> [MATERIAL FOR THE TASK]
(* Let $K$ be an algebraically closed field of characteristic zero, $m,n\ge1$, $\varphi=(\varphi_1,\ldots,\varphi_n)\in K[[t_1,\ldots,t_m]]^n$, and let $E_M=\prod_{1\le i\le n,\ \|J\|_\infty\le r}x_{i,J}^{M_{i,J}}$ be a differential monomial. Then \[\operatorname{trop}(E_M(\varphi))=\operatorname{Vert}\bigl(E_M(\operatorname{Supp}(\varphi))\bigr)=\epsilon_M(\operatorname{Supp}(\varphi)).\]
   Context: Notation: $t^J=t_1^{j_1}\cdots t_m^{j_m}$, $\|J\|_\infty=\max_i j_i$, $\Theta(J)=\partial_{t_1}^{j_1}\cdots\partial_{t_m}^{j_m}$. The differential indeterminates $x_{i,J}$ ($1\le i\le n$, $J\in\mathbb{Z}_{\ge0}^m$) represent derivatives $\Theta(J)x_i$; a differential monomial of order $\le r$ is $E_M=\prod_{i,\|J\|_\infty\le r}x_{i,J}^{M_{i,J}}$ with $M=(M_{i,J})$ nonnegative integers, and $E_M(\varphi)$ is obtained by substituting $\Theta(J)\varphi_i$ for $x_{i,J}$. $\operatorname{Supp}(\sum a_Jt^J)=\{J:a_J\neq0\}$, and $\operatorname{Supp}(\varphi)=(\operatorname{Supp}(\varphi_1),\ldots,\operatorname{Supp}(\varphi_n))$. For $X\subseteq\mathbb{Z}_{\ge0}^m$, $\mathcal{N}(X)$ is the convex hull in $\mathbb{R}^m$ of $X+\mathbb{Z}_{\ge0}^m$, $x\in X$ is a vertex if $x\notin\mathcal{N}(X\setminus\{x\})$, $\operatorname{Vert}(X)$ is the set of vertices, and $\operatorname{trop}(\psi)=\operatorname{Vert}(\operatorname{Supp}(\psi))$. For $T\subseteq\mathbb{Z}_{\ge0}^m$, $\Theta_{\operatorname{trop}}(J)T=\{(s_1-j_1,\ldots,s_m-j_m):(s_1,\dots,s_m)\in T,\ s_i\ge j_i\ \forall i\}$. For $S=(S_1,\ldots,S_n)$ of subsets of $\mathbb{Z}_{\ge0}^m$, $E_M(S)=\sum_{i,J}M_{i,J}\Theta_{\operatorname{trop}}(J)S_i$ (Minkowski sums, with $kX$ the $k$-fold Minkowski sum and $0X=\{0\}$). The tropical differential monomial $\epsilon_M$ evaluates as $\epsilon_M(S)=\operatorname{Vert}(E_M(S))$. *)

theory Defs
  imports "HOL-Analysis.Analysis" "HOL-Computational_Algebra.Polynomial"
begin

text \<open>Multi-indices J in Z_{>=0}^m are functions 'm => nat for a finite index type 'm
  (CARD('m) = m). A formal power series in K[[t_1..t_m]] is its coefficient function
  ('m => nat) => 'a.\<close>

type_synonym ('m, 'a) mps = "('m \<Rightarrow> nat) \<Rightarrow> 'a"

definition idx_le :: "('m \<Rightarrow> nat) \<Rightarrow> ('m \<Rightarrow> nat) \<Rightarrow> bool" where
  "idx_le A B \<longleftrightarrow> (\<forall>k. A k \<le> B k)"

definition mps_mult :: "('m::finite, 'a::comm_ring_1) mps \<Rightarrow> ('m, 'a) mps \<Rightarrow> ('m, 'a) mps" where
  "mps_mult f g = (\<lambda>J. \<Sum>A\<in>{A. idx_le A J}. f A * g (\<lambda>k. J k - A k))"

definition mps_one :: "('m::finite, 'a::comm_ring_1) mps" where
  "mps_one = (\<lambda>J. if (\<forall>k. J k = 0) then 1 else 0)"

fun mps_pow :: "('m::finite, 'a::comm_ring_1) mps \<Rightarrow> nat \<Rightarrow> ('m, 'a) mps" where
  "mps_pow f 0 = mps_one"
| "mps_pow f (Suc k) = mps_mult f (mps_pow f k)"

definition mps_prod :: "('b \<Rightarrow> ('m::finite, 'a::comm_ring_1) mps) \<Rightarrow> 'b set \<Rightarrow> ('m, 'a) mps" where
  "mps_prod F I = Finite_Set.fold (\<lambda>i acc. mps_mult (F i) acc) mps_one I"

text \<open>Theta(J) = d^{j_1}/dt_1^{j_1} ... d^{j_m}/dt_m^{j_m}, applied coefficientwise:
  the coefficient of t^S in Theta(J) f is prod_k (S_k+J_k)!/S_k! times the coefficient of t^(S+J).\<close>
definition mps_Theta :: "('m::finite \<Rightarrow> nat) \<Rightarrow> ('m, 'a::comm_ring_1) mps \<Rightarrow> ('m, 'a) mps" where
  "mps_Theta J f = (\<lambda>S. of_nat (\<Prod>k\<in>UNIV. fact (S k + J k) div fact (S k)) * f (\<lambda>k. S k + J k))"

definition idx_box :: "nat \<Rightarrow> ('m::finite \<Rightarrow> nat) set" where
  "idx_box r = {J. \<forall>k. J k \<le> r}"

text \<open>E_M(phi) = prod_{1<=i<=n, ||J||_inf <= r} (Theta(J) phi_i)^{M_{i,J}}; components indexed by i < n.\<close>
definition diff_mono_eval ::
  "nat \<Rightarrow> nat \<Rightarrow> (nat \<Rightarrow> ('m::finite \<Rightarrow> nat) \<Rightarrow> nat) \<Rightarrow> (nat \<Rightarrow> ('m, 'a::comm_ring_1) mps) \<Rightarrow> ('m, 'a) mps" where
  "diff_mono_eval n r M \<phi> =
     mps_prod (\<lambda>(i, J). mps_pow (mps_Theta J (\<phi> i)) (M i J)) ({..<n} \<times> idx_box r)"

definition Supp :: "('m, 'a::zero) mps \<Rightarrow> ('m \<Rightarrow> nat) set" where
  "Supp f = {J. f J \<noteq> 0}"

definition idx_vec :: "('m::finite \<Rightarrow> nat) \<Rightarrow> real ^ 'm" where
  "idx_vec J = (\<chi> k. real (J k))"

definition newton :: "('m::finite \<Rightarrow> nat) set \<Rightarrow> (real ^ 'm) set" where
  "newton X = convex hull {idx_vec (\<lambda>k. x k + y k) | x y. x \<in> X}"

definition Vert :: "('m::finite \<Rightarrow> nat) set \<Rightarrow> ('m \<Rightarrow> nat) set" where
  "Vert X = {x \<in> X. idx_vec x \<notin> newton (X - {x})}"

definition trop :: "('m::finite, 'a::zero) mps \<Rightarrow> ('m \<Rightarrow> nat) set" where
  "trop \<psi> = Vert (Supp \<psi>)"

definition Theta_trop :: "('m \<Rightarrow> nat) \<Rightarrow> ('m \<Rightarrow> nat) set \<Rightarrow> ('m \<Rightarrow> nat) set" where
  "Theta_trop J T = {(\<lambda>k. s k - J k) | s. s \<in> T \<and> (\<forall>k. J k \<le> s k)}"

definition mink_sum_family :: "('b \<Rightarrow> ('m \<Rightarrow> nat) set) \<Rightarrow> 'b set \<Rightarrow> ('m \<Rightarrow> nat) set" where
  "mink_sum_family A I = {(\<lambda>k. \<Sum>p\<in>I. f p k) | f. \<forall>p\<in>I. f p \<in> A p}"

fun mink_pow :: "('m \<Rightarrow> nat) set \<Rightarrow> nat \<Rightarrow> ('m \<Rightarrow> nat) set" where
  "mink_pow X 0 = {(\<lambda>k. 0)}"
| "mink_pow X (Suc j) = {(\<lambda>k. a k + b k) | a b. a \<in> X \<and> b \<in> mink_pow X j}"

definition diff_mono_trop_sets ::
  "nat \<Rightarrow> nat \<Rightarrow> (nat \<Rightarrow> ('m::finite \<Rightarrow> nat) \<Rightarrow> nat) \<Rightarrow> (nat \<Rightarrow> ('m \<Rightarrow> nat) set) \<Rightarrow> ('m \<Rightarrow> nat) set" where
  "diff_mono_trop_sets n r M S =
     mink_sum_family (\<lambda>(i, J). mink_pow (Theta_trop J (S i)) (M i J)) ({..<n} \<times> idx_box r)"

definition eps_M ::
  "nat \<Rightarrow> nat \<Rightarrow> (nat \<Rightarrow> ('m::finite \<Rightarrow> nat) \<Rightarrow> nat) \<Rightarrow> (nat \<Rightarrow> ('m \<Rightarrow> nat) set) \<Rightarrow> ('m \<Rightarrow> nat) set" where
  "eps_M n r M S = Vert (diff_mono_trop_sets n r M S)"

end

theory Submission
  imports Defs
begin

text \<open>The support of a product of power series lies in the Minkowski sum of the supports, and a
  vertex of a Minkowski sum \<open>A + B\<close> decomposes uniquely as \<open>a + b\<close> with \<open>a\<close>, \<open>b\<close> vertices of
  \<open>A\<close>, \<open>B\<close>; over a domain the coefficient of the product at such a vertex is the nonzero product
  of the coefficients at \<open>a\<close> and \<open>b\<close>. Hence the two inclusions \<open>Supp f \<subseteq> E\<close> and
  \<open>Vert E \<subseteq> Supp f\<close> pass from the factors \<open>\<Theta>(J) \<phi>\<^sub>i\<close> (whose support is exactly
  \<open>Theta_trop J (Supp \<phi>\<^sub>i)\<close>, since in characteristic zero the factorial factors do
  not vanish) to \<open>E\<^sub>M(\<phi>)\<close>. These inclusions force \<open>Vert (Supp f) = Vert E\<close>, because
  vertices are exactly the points giving extreme points of the Newton polyhedron, and the
  Newton polyhedron of any set is generated by its vertices (by Dickson's lemma it is generated
  by a finite subset).\<close>

section \<open>Newton polyhedra\<close>

lemma idx_vec_component [simp]: "idx_vec a $ k = real (a k)"
  by (simp add: idx_vec_def)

> [AIM OF THE TASK]
The line containing "of the coefficients" begins the span, and the last line of the records above ends it. Return that span exactly, and nothing outside it.

> [YOUR RESPONSE]
  of the coefficients at \<open>a\<close> and \<open>b\<close>. Hence the two inclusions \<open>Supp f \<subseteq> E\<close> and
  \<open>Vert E \<subseteq> Supp f\<close> pass from the factors \<open>\<Theta>(J) \<phi>\<^sub>i\<close> (whose support is exactly
  \<open>Theta_trop J (Supp \<phi>\<^sub>i)\<close>, since in characteristic zero the factorial factors do
  not vanish) to \<open>E\<^sub>M(\<phi>)\<close>. These inclusions force \<open>Vert (Supp f) = Vert E\<close>, because
  vertices are exactly the points giving extreme points of the Newton polyhedron, and the
  Newton polyhedron of any set is generated by its vertices (by Dickson's lemma it is generated
  by a finite subset).\<close>

section \<open>Newton polyhedra\<close>

lemma idx_vec_component [simp]: "idx_vec a $ k = real (a k)"
  by (simp add: idx_vec_def)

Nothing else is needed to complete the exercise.